Тут мальчики подошли к «прекрасной комнате с тремя кроватями». У дверей их встретила коренастая девушка с длинными сережками в ушах. Она сделала мальчикам реверанс и ушла. В руках она несла что-то вроде сковороды с длинной ручкой и крышкой.
– Вот это приятно видеть! – сказал ван Моунен Бену.
– Что именно?
– Грелку! В ней насыпана горячая зола; девчонка согревала ею наши постели.
– Ага! Значит, это грелка. Так! Ну что ж, я ей очень благодарен, – отозвался Бен и больше не вымолвил ни слова – так одолевал его сон.

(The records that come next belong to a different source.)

(* Let $K$ be a field of characteristic zero, $x=(x_1,\dots,x_n)$, and let $f\in K[x]$ with $\deg f\neq 1$. Fix an index $i$ and suppose that $h:=f-x_i$ is a polynomial in a linear form, i.e. $h=q(\ell)$ for some $q\in K[t]$ and some linear form $\ell\in K[x]$. If $h\in K[x_i]$, then $f$ is not a component of a Keller map. If $h\notin K[x_i]$, then $f$ is a tame coordinate.
   Context: A Keller map is a polynomial map $F\in K[x]^n$ with $\det\mathcal{J}F\in K^{*}$. A polynomial $f$ is a tame coordinate if it is a component of a tame automorphism of $K[x]$, i.e. of an invertible polynomial map that is a composition of invertible linear (affine) maps and elementary maps $(x_1+p(x_2,\dots,x_n),x_2,\dots,x_n)$. *)

theory Defs
  imports "HOL-Library.Poly_Mapping" "HOL-Computational_Algebra.Polynomial"
          "HOL-Combinatorics.Permutations"
begin

text \<open>The variables
  x_1..x_n of the paper are the indices 0..n-1 here.\<close>

type_synonym 'a mpoly = "(nat \<Rightarrow>\<^sub>0 nat) \<Rightarrow>\<^sub>0 'a"

definition mvar :: "nat \<Rightarrow> 'a::comm_ring_1 mpoly" where
  "mvar i = Poly_Mapping.single (Poly_Mapping.single i 1) 1"

definition mconst :: "'a::comm_ring_1 \<Rightarrow> 'a mpoly" where
  "mconst c = Poly_Mapping.single 0 c"

definition vars_in :: "nat set \<Rightarrow> 'a::zero mpoly \<Rightarrow> bool" where
  "vars_in V p \<longleftrightarrow> (\<forall>m\<in>Poly_Mapping.keys p. Poly_Mapping.keys m \<subseteq> V)"

text \<open>total degree (the zero polynomial gets degree 0)\<close>
definition mon_deg :: "(nat \<Rightarrow>\<^sub>0 nat) \<Rightarrow> nat" where
  "mon_deg m = (\<Sum>i\<in>Poly_Mapping.keys m. Poly_Mapping.lookup m i)"

definition total_deg :: "'a::zero mpoly \<Rightarrow> nat" where
  "total_deg p = Max (insert 0 (mon_deg ` Poly_Mapping.keys p))"

definition msubst :: "(nat \<Rightarrow> 'a::comm_ring_1 mpoly) \<Rightarrow> 'a mpoly \<Rightarrow> 'a mpoly" where
  "msubst \<sigma> p = (\<Sum>m\<in>Poly_Mapping.keys p. mconst (Poly_Mapping.lookup p m) * (\<Prod>i\<in>Poly_Mapping.keys m. \<sigma> i ^ Poly_Mapping.lookup m i))"

definition mpderiv :: "nat \<Rightarrow> 'a::comm_ring_1 mpoly \<Rightarrow> 'a mpoly" where
  "mpderiv i p = (\<Sum>m\<in>Poly_Mapping.keys p.
      Poly_Mapping.single (m - Poly_Mapping.single i 1) (of_nat (Poly_Mapping.lookup m i) * Poly_Mapping.lookup p m))"

definition poly_map :: "nat \<Rightarrow> (nat \<Rightarrow> 'a::comm_ring_1 mpoly) \<Rightarrow> bool" where
  "poly_map n F \<longleftrightarrow> (\<forall>j<n. vars_in {..<n} (F j))"

definition jac_det :: "nat \<Rightarrow> (nat \<Rightarrow> 'a::comm_ring_1 mpoly) \<Rightarrow> 'a mpoly" where
  "jac_det n F = (\<Sum>p | p permutes {..<n}.
      of_int (sign p) * (\<Prod>j<n. mpderiv (p j) (F j)))"

definition keller_map :: "nat \<Rightarrow> (nat \<Rightarrow> 'a::field mpoly) \<Rightarrow> bool" where
  "keller_map n F \<longleftrightarrow> poly_map n F \<and> (\<exists>c. c \<noteq> 0 \<and> jac_det n F = mconst c)"

definition keller_component :: "nat \<Rightarrow> 'a::field mpoly \<Rightarrow> bool" where
  "keller_component n f \<longleftrightarrow> (\<exists>F j. keller_map n F \<and> j < n \<and> F j = f)"

definition pm_comp :: "(nat \<Rightarrow> 'a::comm_ring_1 mpoly) \<Rightarrow> (nat \<Rightarrow> 'a mpoly) \<Rightarrow> nat \<Rightarrow> 'a mpoly" where
  "pm_comp F G = (\<lambda>j. msubst G (F j))"

definition affine_auto :: "nat \<Rightarrow> (nat \<Rightarrow> 'a::field mpoly) \<Rightarrow> bool" where
  "affine_auto n F \<longleftrightarrow> (\<exists>A b.
      (\<Sum>p | p permutes {..<n}. of_int (sign p) * (\<Prod>j<n. A j (p j))) \<noteq> (0::'a) \<and>
      (\<forall>j<n. F j = (\<Sum>k<n. mconst (A j k) * mvar k) + mconst (b j)) \<and>
      (\<forall>j\<ge>n. F j = mvar j))"

definition elementary :: "nat \<Rightarrow> (nat \<Rightarrow> 'a::field mpoly) \<Rightarrow> bool" where
  "elementary n F \<longleftrightarrow> 0 < n \<and> (\<exists>p. vars_in {1..<n} p \<and>
      F 0 = mvar 0 + p \<and> (\<forall>j. j \<noteq> 0 \<longrightarrow> F j = mvar j))"

inductive tame :: "nat \<Rightarrow> (nat \<Rightarrow> 'a::field mpoly) \<Rightarrow> bool" for n where
  tame_affine: "affine_auto n F \<Longrightarrow> tame n F"
| tame_elem: "elementary n F \<Longrightarrow> tame n F"
| tame_comp: "tame n F \<Longrightarrow> tame n G \<Longrightarrow> tame n (pm_comp F G)"

definition tame_coordinate :: "nat \<Rightarrow> 'a::field mpoly \<Rightarrow> bool" where
  "tame_coordinate n f \<longleftrightarrow> (\<exists>F j. tame n F \<and> j < n \<and> F j = f)"

end

theory Submission
  imports Defs
begin

text \<open>If \<open>h\<close> only involves \<open>x\<^sub>i\<close>, then so does \<open>f\<close>, and in the Leibniz expansion of the
  Jacobian determinant of any map with component \<open>f\<close> only the terms containing
  \<open>\<partial>f/\<partial>x\<^sub>i\<close> survive; hence \<open>\<partial>f/\<partial>x\<^sub>i\<close> divides the constant Jacobian determinant, which forces \<open>deg f = 1\<close>.
  Otherwise the linear form \<open>\<ell>\<close> has a nonzero coefficient at some \<open>x\<^sub>k\<close> with \<open>k \<noteq> i\<close>, and
  \<open>f = x\<^sub>i + q(\<ell>)\<close> is the first component of an elementary map \<open>(x\<^sub>0 + q(x\<^sub>1), x\<^sub>1, \<dots>)\<close>
  precomposed with an affine change of variables sending \<open>x\<^sub>0 \<mapsto> x\<^sub>i\<close> and \<open>x\<^sub>1 \<mapsto> \<ell>\<close>.\<close>

definition mpoly_hom :: "('a::comm_ring_1 \<Rightarrow> 'b::comm_ring_1) \<Rightarrow> ((nat \<Rightarrow>\<^sub>0 nat) \<Rightarrow> 'b) \<Rightarrow> 'a mpoly \<Rightarrow> 'b" where
  "mpoly_hom e w p = (\<Sum>m\<in>Poly_Mapping.keys p. e (Poly_Mapping.lookup p m) * w m)"

lemma mpoly_hom_keys_superset:
  assumes "e 0 = 0" "finite S" "Poly_Mapping.keys p \<subseteq> S"
  shows "mpoly_hom e w p = (\<Sum>m\<in>S. e (Poly_Mapping.lookup p m) * w m)"
  unfolding mpoly_hom_def
  by (rule sum.mono_neutral_left) (use assms in \<open>auto simp: in_keys_iff\<close>)

lemma mpoly_hom_zero: "mpoly_hom e w 0 = 0"
  by (simp add: mpoly_hom_def)

lemma mpoly_hom_single:
  assumes "e 0 = 0"
  shows "mpoly_hom e w (Poly_Mapping.single m a) = e a * w m"
  using assms by (simp add: mpoly_hom_def)

lemma mpoly_hom_add:
  assumes "e 0 = 0" "\<And>a b. e (a + b) = e a + e b"
  shows "mpoly_hom e w (p + q) = mpoly_hom e w p + mpoly_hom e w q"
proof -
  let ?S = "Poly_Mapping.keys p \<union> Poly_Mapping.keys q"
  have "mpoly_hom e w (p + q) = (\<Sum>m\<in>?S. e (Poly_Mapping.lookup (p + q) m) * w m)"
    using keys_add[of p q] by (intro mpoly_hom_keys_superset assms) auto
  also have "\<dots> = (\<Sum>m\<in>?S. e (Poly_Mapping.lookup p m) * w m)
                 + (\<Sum>m\<in>?S. e (Poly_Mapping.lookup q m) * w m)"
    by (simp add: lookup_add assms(2) distrib_right sum.distrib)
  also have "\<dots> = mpoly_hom e w p + mpoly_hom e w q"
    using assms(1) by (simp add: mpoly_hom_keys_superset[of e ?S])
  finally show ?thesis .
qed

lemma mpoly_hom_sum:
  assumes "e 0 = 0" "\<And>a b. e (a + b) = e a + e b"
  shows "mpoly_hom e w (\<Sum>x\<in>A. f x) = (\<Sum>x\<in>A. mpoly_hom e w (f x))"
  by (induction A rule: infinite_finite_induct) (auto simp: mpoly_hom_zero mpoly_hom_add[OF assms])

lemma poly_mapping_sum_single_lookup:
  "p = (\<Sum>m\<in>Poly_Mapping.keys p. Poly_Mapping.single m (Poly_Mapping.lookup p m))"
  by (rule poly_mapping_eqI)
    (auto simp: lookup_sum lookup_single when_def in_keys_iff intro: sum.neutral)

lemma mpoly_hom_mult:
  assumes e0: "e 0 = 0" and e_add: "\<And>a b. e (a + b) = e a + e b"
    and e_mult: "\<And>a b. e (a * b) = e a * e b" and w_add: "\<And>m m'. w (m + m') = w m * w m'"
  shows "mpoly_hom e w (p * q) = mpoly_hom e w p * mpoly_hom e w q"
proof -
  have "p * q = (\<Sum>m\<in>Poly_Mapping.keys p. \<Sum>m'\<in>Poly_Mapping.keys q.
      Poly_Mapping.single (m + m') (Poly_Mapping.lookup p m * Poly_Mapping.lookup q m'))"
    by (subst (1 2) poly_mapping_sum_single_lookup) (simp add: sum_product mult_single)
  then have "mpoly_hom e w (p * q) = (\<Sum>m\<in>Poly_Mapping.keys p. \<Sum>m'\<in>Poly_Mapping.keys q.
      e (Poly_Mapping.lookup p m) * w m * (e (Poly_Mapping.lookup q m') * w m'))"
    by (simp add: mpoly_hom_sum[where e=e, OF e0 e_add] mpoly_hom_single[where e=e, OF e0] e_mult w_add mult_ac)
  also have "\<dots> = mpoly_hom e w p * mpoly_hom e w q"
    unfolding mpoly_hom_def by (simp add: sum_product)
  finally show ?thesis .
qed

lemma mconst_0: "mconst 0 = 0"
  by (simp add: mconst_def)

lemma mconst_1: "mconst 1 = 1"
  by (simp add: mconst_def)

lemma mconst_add: "mconst (a + b) = mconst a + mconst b"
  by (simp add: mconst_def single_add)

lemma mconst_mult: "mconst (a * b) = mconst a * mconst b"
  by (simp add: mconst_def mult_single)

text \<open>Specialising every variable other than \<open>x\<^sub>i\<close> to \<open>1\<close>; this commutes with \<open>\<partial>/\<partial>x\<^sub>i\<close>.\<close>

definition mpoly_univ :: "nat \<Rightarrow> 'a::comm_ring_1 mpoly \<Rightarrow> 'a poly" where
  "mpoly_univ i = mpoly_hom (\<lambda>a. [:a:]) (\<lambda>m. monom 1 (Poly_Mapping.lookup m i))"

lemma mpoly_univ_sum: "mpoly_univ i (\<Sum>x\<in>A. f x) = (\<Sum>x\<in>A. mpoly_univ i (f x))"
  unfolding mpoly_univ_def by (rule mpoly_hom_sum) auto

lemma mpoly_univ_mult: "mpoly_univ i (p * q) = mpoly_univ i p * mpoly_univ i q"
  unfolding mpoly_univ_def by (rule mpoly_hom_mult) (auto simp: lookup_add mult_monom)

Между тем Людвиг все еще говорил о картине, которая произвела на него такое сильное впечатление. Он видел ее во время прогулки в витрине одного магазина. На этой картине, плохо написанной, были изображены двое мужчин, связанных друг с другом спина к спине и стоявших на борту корабля в толпе моряков, которые готовились бросить связанных в море. Этот способ казни пленников назывался «вутсполен», то есть омовение ног. Так голландцы казнили пиратов в Дюнкерке в 1605 году, а испанцы – голландцев во время страшной резни, последовавшей за осадой Хаарлема. Как ни плохо была написана картина, но выражение лица у пиратов было передано хорошо. Мрачные, доведенные до отчаяния пленники все же казались такими жестокими и злобными, что Людвиг при виде их в столь беспомощном положении был втайне доволен. Может быть, он и позабыл бы про эту картину, если б не подозрительный человек, сидевший у камина. И теперь, по-ребячески дурачась, Людвиг с ужимками бросился в постель, уповая на то, что «вутсполен» ему не приснится.

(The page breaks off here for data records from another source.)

lemma AP_pi_weighted_range_net:
  fixes T :: "'m \<Rightarrow> ('o \<Rightarrow> 'k) \<Rightarrow> 'w \<Rightarrow> 'k::real_normed_field"
  assumes "f \<in> AP_pi \<pi> \<KK> \<omega> \<nu> domT T norm_seminorm (-) (\<lambda>r t. of_real r * t)" and "\<rho> > 0"
    and \<nu>: "\<And>x. x \<in> \<omega> m \<Longrightarrow> 0 \<le> \<nu> j m x"
  shows "\<exists>G. finite G \<and> (\<forall>x\<in>\<omega> m. \<exists>v\<in>G. norm (of_real (\<nu> j m x) * T m f x - v) < \<rho>)"
proof -
  obtain K c where "c < \<rho>" and tail: "\<forall>x\<in>\<omega> m. \<pi> x \<notin> K \<longrightarrow> norm (T m f x) * \<nu> j m x \<le> c"
    and pc: "precompact_sn (-) norm_seminorm {of_real (\<nu> j m x) * T m f x | x. x \<in> \<omega> m \<and> \<pi> x \<in> K}"
    using AP_piD[OF assms(1,2), where m=m and j=j] by blast
  have "finite {()} \<and> \<rho> > 0" using \<open>\<rho> > 0\<close> by simp
  then obtain G where "finite G"
    and cover: "{of_real (\<nu> j m x) * T m f x | x. x \<in> \<omega> m \<and> \<pi> x \<in> K}
      \<subseteq> (\<Union>g\<in>G. {y. \<forall>i\<in>{()}. norm (y - g) < \<rho>})"
    using pc[unfolded precompact_sn_def, rule_format, OF \<open>finite {()} \<and> \<rho> > 0\<close>] by blast
  have "\<exists>v\<in>insert 0 G. norm (of_real (\<nu> j m x) * T m f x - v) < \<rho>" if x: "x \<in> \<omega> m" for x
  proof (cases "\<pi> x \<in> K")
    case True
    then have "of_real (\<nu> j m x) * T m f x \<in> {of_real (\<nu> j m x) * T m f x | x. x \<in> \<omega> m \<and> \<pi> x \<in> K}"
      using x by blast
    then have "of_real (\<nu> j m x) * T m f x \<in> (\<Union>g\<in>G. {y. \<forall>i\<in>{()}. norm (y - g) < \<rho>})"
      using cover by (rule subsetD[rotated])
    then show ?thesis by auto
  next
    case False
    then have "norm (T m f x) * \<nu> j m x \<le> c" using tail x by blast
    then have "norm (of_real (\<nu> j m x) * T m f x - 0) < \<rho>"
      using \<nu>[OF x] \<open>c < \<rho>\<close> by (simp add: norm_mult mult.commute)
    then show ?thesis by blast
  qed
  then show ?thesis using \<open>finite G\<close> by (intro exI[of _ "insert 0 G"]) simp
qed
lemma dephase_basis_x:
  "dephase basis_x A $ (1,r) $ (1,c) = (A $ (1,r) $ (1,c) + A $ (2,r) $ (2,c)) / 2"
  "dephase basis_x A $ (1,r) $ (2,c) = (A $ (1,r) $ (2,c) + A $ (2,r) $ (1,c)) / 2"
  "dephase basis_x A $ (2,r) $ (1,c) = (A $ (1,r) $ (2,c) + A $ (2,r) $ (1,c)) / 2"
  "dephase basis_x A $ (2,r) $ (2,c) = (A $ (1,r) $ (1,c) + A $ (2,r) $ (2,c)) / 2"
  by (simp_all add: dephase_def tensor_def compress_def projector_basis_x sum_2 algebra_simps)

lemma dephase_basis_y:
  "dephase basis_y A $ (1,r) $ (1,c) = (A $ (1,r) $ (1,c) + A $ (2,r) $ (2,c)) / 2"
  "dephase basis_y A $ (1,r) $ (2,c) = (A $ (1,r) $ (2,c) - A $ (2,r) $ (1,c)) / 2"
  "dephase basis_y A $ (2,r) $ (1,c) = (A $ (2,r) $ (1,c) - A $ (1,r) $ (2,c)) / 2"
  "dephase basis_y A $ (2,r) $ (2,c) = (A $ (1,r) $ (1,c) + A $ (2,r) $ (2,c)) / 2"
  by (simp_all add: dephase_def tensor_def compress_def projector_basis_y sum_2 algebra_simps)

definition ptrace_first :: "qqmat \<Rightarrow> qmat" where
  "ptrace_first A = (\<chi> r c. \<Sum>a\<in>UNIV. A $ (a,r) $ (a,c))"

lemma mtrace_ptrace_first: "mtrace (ptrace_first A) = mtrace A"
  by (simp add: mtrace_def ptrace_first_def sum_UNIV_2x2 sum_2)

Комната была холодная, неуютная и напоминала опустевшую больничную палату; в блестящей кафельной печке только что развели огонь, но он, казалось, сам дрожал от холода, стараясь разогреться. Окна с затейливым частым переплетом не были завешены, и стекла их поблескивали при лунном свете, а холодный навощенный пол казался глыбой желтого льда.